In an emergency situation, “the hospital must stabilize the threat to the unborn child, and it seems that the plain meaning is that the hospital must try to eliminate any immediate threat to the child, but performing an abortion is antithetical to that duty,” Alito said.

Alito said that it was “odd” to add the term “unborn child” in a “statute that imposes a mandate to perform abortions.” He later went as far as to suggest that since EMTALA was signed into law by President Ronald Reagan, then, it could be inferred that the law never intended to consider abortion as stabilizing care. (That argument was specifically made in an amicus brief submitted by Advancing American Freedom, former Vice President Mike Pence’s conservative think tank.)

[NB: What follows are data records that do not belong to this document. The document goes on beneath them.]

lemma abs_ln_inverse_quadratic_le_thompson:
  fixes S R :: "real^'n^'n"
  assumes S: "posdef S" and R: "posdef R" and "y \<noteq> 0"
  shows "\<bar>ln (y \<bullet> (matrix_inv S *v y)) - ln (y \<bullet> (matrix_inv R *v y))\<bar> \<le> thompson S R"
proof -
  let ?c = "thompson S R"
  have SR: "v \<bullet> (S *v v) \<le> exp ?c * (v \<bullet> (R *v v))"
    and RS: "v \<bullet> (R *v v) \<le> exp ?c * (v \<bullet> (S *v v))" for v
    using thompson_le_iff[OF S R, of ?c] by (simp_all add: exp_neg_mult_le_iff)
  have "y \<bullet> (matrix_inv R *v y) \<le> exp ?c * (y \<bullet> (matrix_inv S *v y))"
    using S R SR by (rule matrix_inv_quadratic_antimono[OF _ _ exp_gt_zero])
  moreover have "y \<bullet> (matrix_inv S *v y) \<le> exp ?c * (y \<bullet> (matrix_inv R *v y))"
    using R S RS by (rule matrix_inv_quadratic_antimono[OF _ _ exp_gt_zero])
  ultimately show ?thesis
    using abs_ln_diff_le_iff matrix_inv_quadratic_pos[OF S \<open>y \<noteq> 0\<close>] matrix_inv_quadratic_pos[OF R \<open>y \<noteq> 0\<close>]
    by (simp add: exp_neg_mult_le_iff)
qed

section \<open>The map \<open>G\<close>\<close>

lemma outer_self_mult_vec: "outer x x *v v = (x \<bullet> v) *\<^sub>R x"
  by (simp add: vec_eq_iff outer_def matrix_vector_mult_def inner_vec_def sum_distrib_left mult_ac)

lemma transpose_outer_self: "transpose (outer x x) = outer x x"
  by (simp add: vec_eq_iff transpose_def outer_def mult.commute)

lemma sum_matrix_vector_mult: "finite I \<Longrightarrow> (\<Sum>i\<in>I. M i) *v v = (\<Sum>i\<in>I. M i *v v)"
  by (induction I rule: finite_induct) (auto simp: matrix_vector_mult_add_rdistrib)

Gorsuch was the first justice to bring up the “unborn child” language, asking Joshua Turner, the chief of constitutional litigation and policy for the Idaho attorney general, “What do we do with EMTALA’s definition of ‘individual’ to include both the woman and as the statute says, the ‘unborn child’?”

“It’d be a strange thing for Congress to have regard for the unborn child, and yet also be mandating termination of unborn children,” Turner responded.

The justices were mixed on whether EMTALA preempts Idaho’s abortion ban, so it’s unclear how the court could rule in the case. On fetal personhood, specifically though, legal experts say that while Gorsuch and Alito were the only conservatives to bring up the “unborn child” language, that does not mean that other justices are not interested in exploring the idea.

Andrew Twinamatsiko, a director of Georgetown Law School’s O’Neill Institute Health Policy and the Law Initiative, told NOTUS that the fetal personhood argument “is taken out of the context of EMTALA.”

The term “unborn child,” he said, is used in the law specifically when addressing when a person is in “active labor,” and “labor isn’t the entire pregnancy, like, you know, it’s a day or two before the uterus is evacuated.”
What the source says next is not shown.